After two years of squabbling over how to respond to low oil prices, OPEC has finally arrived at a solution. At its meeting on Wednesday, the cartel resolved to cut production for the first time in eight years. Beginning Jan. 1, OPEC’s members will collectively reduce their production, based on October levels, by around 1.1 million-1.2 million barrels per day, with Saudi Arabia, Iraq, Kuwait and the United Arab Emirates bearing the brunt of the drawdown. The deal, which has been under discussion since September, also aims to reduce production outside the bloc by 600,000 bpd. (Russia has already committed to take 300,000 bpd out of production, and OPEC is set to negotiate similar arrangements with other non-members in Doha, Qatar, on Dec. 9.) News of the prospective cut sent oil prices soaring almost immediately: Brent, the global benchmark for light sweet crude oil, jumped 8.54 percent on Wednesday, hitting $51.36 per barrel. Perhaps more important, the agreement demonstrates that for all its divisions, mutual distrust and weak enforcement measures, OPEC can still work together when the need arises.

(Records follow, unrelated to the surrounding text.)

(* Let $\omega_1,\omega_2$ be domains and $\Omega$ an accessibility environment with $\Omega \vdash \omega_1 \prec \omega_2$. Then: (i) if $\Omega , \omega_1 \prec \alpha , \Omega'; \Gamma ; \Delta \vdash P :: z{:} A[\omega]$, then $\Omega ,\Omega'\{\omega_2/\alpha\}; \Gamma\{\omega_2/\alpha\}; \Delta\{\omega_2/\alpha\} \vdash P\{\omega_2/\alpha\} :: z{:}A[\omega\{\omega_2/\alpha\}]$; (ii) if $\Omega , \alpha \prec \omega_2 , \Omega'; \Gamma ; \Delta \vdash P :: z{:} A[\omega]$, then $\Omega ,\Omega'\{\omega_1/\alpha\}; \Gamma\{\omega_1/\alpha\}; \Delta\{\omega_1/\alpha\} \vdash P\{\omega_1/\alpha\} :: z{:}A[\omega\{\omega_1/\alpha\}]$. Here $\{\omega'/\alpha\}$ denotes capture-avoiding substitution of the domain $\omega'$ for the domain variable $\alpha$.
   Context: Domain-aware session $\pi$-calculus. Domains $\omega$ range over domain tags $w\in\mathcal W$ and domain variables $\alpha\in\mathcal V$. Processes: $P ::= \mathbf 0 \mid P\mid Q \mid (\nu y)P \mid x\langle y\rangle.P \mid x(y).P \mid !x(y).P \mid [x\leftrightarrow y] \mid x\triangleright\{l_i:P_i\}_{i\in I} \mid x\triangleleft l;P \mid x\langle y@\omega\rangle.P \mid x(y@\omega).P \mid x\langle\omega\rangle.P \mid x(\alpha).P$, with $\overline{x}\langle y\rangle.P$ abbreviating $(\nu y)x\langle y\rangle.P$ and $\overline{x}\langle y@\omega\rangle.P$ abbreviating $(\nu y)x\langle y@\omega\rangle.P$; $y$ is bound in $(\nu y)P$, $x(y).P$, $!x(y).P$, $x(y@\omega).P$, and $\alpha$ in $x(\alpha).P$. Session types: $A ::= \mathbf 1 \mid A\multimap B \mid A\otimes B \mid \&\{l_i:A_i\}_{i\in I} \mid \oplus\{l_i:A_i\}_{i\in I} \mid !A \mid @_\omega A \mid \forall\alpha.A \mid \exists\alpha.A \mid {\downarrow}\alpha.A$. An accessibility environment $\Omega$ is a finite set of hypotheses $\omega_1\prec\omega_2$; $\Omega\vdash\omega_1\prec\omega_2$ is derived by the rule $\Omega,\omega_1\prec\omega_2\vdash\omega_1\prec\omega_2$; $\prec^*$ is the reflexive transitive closure; $\Omega\vdash\omega\prec^*\Delta$ means $\Omega\vdash\omega\prec^*\omega'$ for every $x{:}A[\omega']\in\Delta$. Typing judgments $\Omega;\Gamma;\Delta\vdash P :: z{:}A[\omega]$ ($P$ offers $A$ on $z$ at domain $\omega$, using unrestricted assignments $\Gamma$ and linear assignments $\Delta$ of the form $x{:}B[\omega']$; typing is closed under structural congruence) are given by the rules (omitting $\Omega;\Gamma$ when unchanged): (id) $\Omega;\Gamma;x{:}A[\omega]\vdash[x\leftrightarrow z]::z{:}A[\omega]$. (1R) $\Omega;\Gamma;\cdot\vdash\mathbf 0::z{:}\mathbf 1[\omega]$. (1L) from $\Delta\vdash P::z{:}C[\omega_1]$ infer $\Delta,x{:}\mathbf 1[\omega_2]\vdash P::z{:}C[\omega_1]$. ($\multimap$R) from $\Delta,y{:}A[\omega]\vdash P::z{:}B[\omega]$ infer $\Delta\vdash z(y).P::z{:}A\multimap B[\omega]$. ($\multimap$L) from $\Delta_1\vdash P::y{:}A[\omega_2]$ and $\Delta_2,x{:}B[\omega_2]\vdash Q::z{:}C[\omega_1]$ infer $\Delta_1,\Delta_2,x{:}A\multimap B[\omega_2]\vdash \overline{x}\langle y\rangle.(P\mid Q)::z{:}C[\omega_1]$. ($\otimes$R) from $\Delta_1\vdash P::y{:}A[\omega]$ and $\Delta_2\vdash Q::z{:}B[\omega]$ infer $\Delta_1,\Delta_2\vdash\overline{z}\langle y\rangle.(P\mid Q)::z{:}A\otimes B[\omega]$. ($\otimes$L) from $\Delta,y{:}A[\omega_2],x{:}B[\omega_2]\vdash P::z{:}C[\omega_1]$ infer $\Delta,x{:}A\otimes B[\omega_2]\vdash x(y).P::z{:}C[\omega_1]$. ($\&$R) from $\Delta\vdash P_i::z{:}A_i[\omega]$ for all $i\in I$ infer $\Delta\vdash z\triangleright\{l_i:P_i\}_{i\in I}::z{:}\&\{l_i:A_i\}_{i\in I}[\omega]$. ($\&$L$_1$) from $\Delta,x{:}A[\omega_2]\vdash P::z{:}C[\omega_1]$ infer $\Delta,x{:}\&\{l_i:A\}[\omega_2]\vdash x\triangleleft l_i;P::z{:}C[\omega_1]$. ($\&$L$_2$) from $\Delta,x{:}\&\{l_i:A_i\}_{i\in I}[\omega_2]\vdash P::z{:}C[\omega_1]$, $k\notin I$, infer $\Delta,x{:}\&\{l_j:A_j\}_{j\in I\cup\{k\}}[\omega_2]\vdash P::z{:}C[\omega_1]$. ($\oplus$R$_1$) from $\Delta\vdash P::z{:}A[\omega]$ infer $\Delta\vdash z\triangleleft l_i;P::z{:}\oplus\{l_i:A\}[\omega]$. ($\oplus$R$_2$) from $\Delta\vdash P::z{:}\oplus\{l_i:A_i\}_{i\in I}[\omega]$, $k\notin I$, infer $\Delta\vdash P::z{:}\oplus\{l_j:A_j\}_{j\in I\cup\{k\}}[\omega]$. ($\oplus$L) from $\Delta,x{:}A_i[\omega_2]\vdash Q_i::z{:}C[\omega_1]$ for all $i\in I$ infer $\Delta,x{:}\oplus\{l_i:A_i\}_{i\in I}[\omega_2]\vdash x\triangleright\{l_i:Q_i\}_{i\in I}::z{:}C[\omega_1]$. (!R) from $\Omega;\Gamma;\cdot\vdash Q::y{:}A[\omega]$ infer $\Omega;\Gamma;\cdot\vdash\overline{z}\langle u\rangle.!u(y).Q::z{:}!A[\omega]$. (!L) from $\Omega;\Gamma,u{:}A[\omega_2];\Delta\vdash P::z{:}C[\omega_1]$ infer $\Omega;\Gamma;\Delta,x{:}!A[\omega_2]\vdash x(u).P::z{:}C[\omega_1]$. (copy) from $\Omega\vdash\omega_1\prec^*\omega_2$ and $\Omega;\Gamma,u{:}A[\omega_2];\Delta,y{:}A[\omega_2]\vdash P::z{:}C[\omega_1]$ infer $\Omega;\Gamma,u{:}A[\omega_2];\Delta\vdash\overline{u}\langle y\rangle.P::z{:}C[\omega_1]$. (cut) from $\Omega\vdash\omega_1\prec^*\omega_2$, $\Omega\vdash\omega_2\prec^*\Delta_1$, $\Omega;\Gamma;\Delta_1\vdash P::x{:}A[\omega_2]$ and $\Omega;\Gamma;\Delta_2,x{:}A[\omega_2]\vdash Q::z{:}C[\omega_1]$ infer $\Omega;\Gamma;\Delta_1,\Delta_2\vdash(\nu x)(P\mid Q)::z{:}C[\omega_1]$. (cut$^!$) from $\Omega;\Gamma;\cdot\vdash P::x{:}A[\omega_1]$ and $\Omega;\Gamma,u{:}A[\omega_1];\Delta\vdash Q::z{:}C[\omega_2]$ infer $\Omega;\Gamma;\Delta\vdash(\nu u)(!u(x).P\mid Q)::z{:}C[\omega_2]$. (@R) from $\Omega\vdash\omega_1\prec\omega_2$, $\Omega\vdash\omega_2\prec^*\Delta$, $\Omega;\Gamma;\Delta\vdash P::y{:}A[\omega_2]$ infer $\Omega;\Gamma;\Delta\vdash\overline{z}\langle y@\omega_2\rangle.P::z{:}@_{\omega_2}A[\omega_1]$. (@L) from $\Omega,\omega_2\prec\omega_3;\Gamma;\Delta,y{:}A[\omega_3]\vdash P::z{:}C[\omega_1]$ infer $\Omega;\Gamma;\Delta,x{:}@_{\omega_3}A[\omega_2]\vdash x(y@\omega_3).P::z{:}C[\omega_1]$. ($\forall$R) from $\Omega,\omega_1\prec\alpha;\Gamma;\Delta\vdash P::z{:}A[\omega_1]$ with $\alpha$ not in $\Omega,\Gamma,\Delta,\omega_1$ infer $\Omega;\Gamma;\Delta\vdash z(\alpha).P::z{:}\forall\alpha.A[\omega_1]$. ($\forall$L) from $\Omega\vdash\omega_2\prec\omega_3$ and $\Omega;\Gamma;\Delta,x{:}A\{\omega_3/\alpha\}[\omega_2]\vdash Q::z{:}C[\omega_1]$ infer $\Omega;\Gamma;\Delta,x{:}\forall\alpha.A[\omega_2]\vdash x\langle\omega_3\rangle.Q::z{:}C[\omega_1]$. ($\exists$R) from $\Omega\vdash\omega_1\prec\omega_2$ and $\Omega;\Gamma;\Delta\vdash P::z{:}A\{\omega_2/\alpha\}[\omega_1]$ infer $\Omega;\Gamma;\Delta\vdash z\langle\omega_2\rangle.P::z{:}\exists\alpha.A[\omega_1]$. ($\exists$L) from $\Omega,\omega_2\prec\alpha;\Gamma;\Delta,x{:}A[\omega_2]\vdash Q::z{:}C[\omega_1]$ infer $\Omega;\Gamma;\Delta,x{:}\exists\alpha.A[\omega_2]\vdash x(\alpha).Q::z{:}C[\omega_1]$. (${\downarrow}$R) from $\Delta\vdash P::z{:}A\{\omega/\alpha\}[\omega]$ infer $\Delta\vdash P::z{:}{\downarrow}\alpha.A[\omega]$. (${\downarrow}$L) from $\Delta,x{:}A\{\omega/\alpha\}[\omega]\vdash P::z{:}C$ infer $\Delta,x{:}{\downarrow}\alpha.A[\omega]\vdash P::z{:}C$. *)

theory Defs
  imports Main
begin
(* Let $Y_1,Y_2\subseteq Y$ and $Z_1,Z_2\subseteq Z$ with $Y_1\cap Y_2=\emptyset$ and $Z_1\cap Z_2=\emptyset$. Let $f\in\mathbb{F}[Y_1,Z_1]$ and $g\in\mathbb{F}[Y_2,Z_2]$. Then $\mathrm{maxrank}(M_{fg})=\mathrm{maxrank}(M_f)\cdot\mathrm{maxrank}(M_g)$.
   Context: $\mathbb{F}$ is a field, $Y=\{y_1,\dots,y_m\}$ and $Z=\{z_1,\dots,z_m\}$ are disjoint sets of variables. For $f\in\mathbb{F}[Y,Z]$, the polynomial coefficient matrix $M_f$ is the $2^m\times 2^m$ matrix with entries in $\mathbb{F}[Y,Z]$, rows indexed by monic multilinear monomials $p$ in $Y$ and columns by monic multilinear monomials $q$ in $Z$, where $M_f(p,q)=G$ if and only if $f$ can be uniquely written as $f=pq\,G+Q$ with $G$ containing no variable other than those present in $p$ and $q$, and $Q$ having no monomial which is divisible by $pq$ and contains only variables present in $p$ and $q$. For $S:Y\cup Z\to\mathbb{F}$, $M_f|_S$ is obtained by evaluating each entry at $S$, and $\mathrm{maxrank}(M_f)=\max_S\mathrm{rank}(M_f|_S)$. *)

theory Defs
  imports "HOL-Library.Poly_Mapping" "Jordan_Normal_Form.DL_Rank"
begin

text \<open>Variables: Yv i stands for y_(i+1), Zv i stands for z_(i+1).\<close>
datatype var = Yv nat | Zv nat

definition Yset :: "nat \<Rightarrow> var set" where "Yset m = {Yv i | i. i < m}"
definition Zset :: "nat \<Rightarrow> var set" where "Zset m = {Zv i | i. i < m}"

type_synonym 'a mpoly = "(var \<Rightarrow>\<^sub>0 nat) \<Rightarrow>\<^sub>0 'a"

definition vars :: "'a::zero mpoly \<Rightarrow> var set" where
  "vars f = \<Union> (Poly_Mapping.keys ` Poly_Mapping.keys f)"

definition mlmono :: "var set \<Rightarrow> (var \<Rightarrow>\<^sub>0 nat)" where
  "mlmono V = (\<Sum>v\<in>V. Poly_Mapping.single v 1)"

definition mono_poly :: "var set \<Rightarrow> 'a::{zero,one} mpoly" where
  "mono_poly V = Poly_Mapping.single (mlmono V) 1"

The biggest stumbling block in negotiating the agreement was the bitter rivalry between two of the bloc’s most prolific producers, Iran and Saudi Arabia — neither of which would yield to the other’s demands. But even they can leave Vienna satisfied with the arrangement. Despite the great pains it required to reach, the deal does not represent a significant shift in strategy for either country.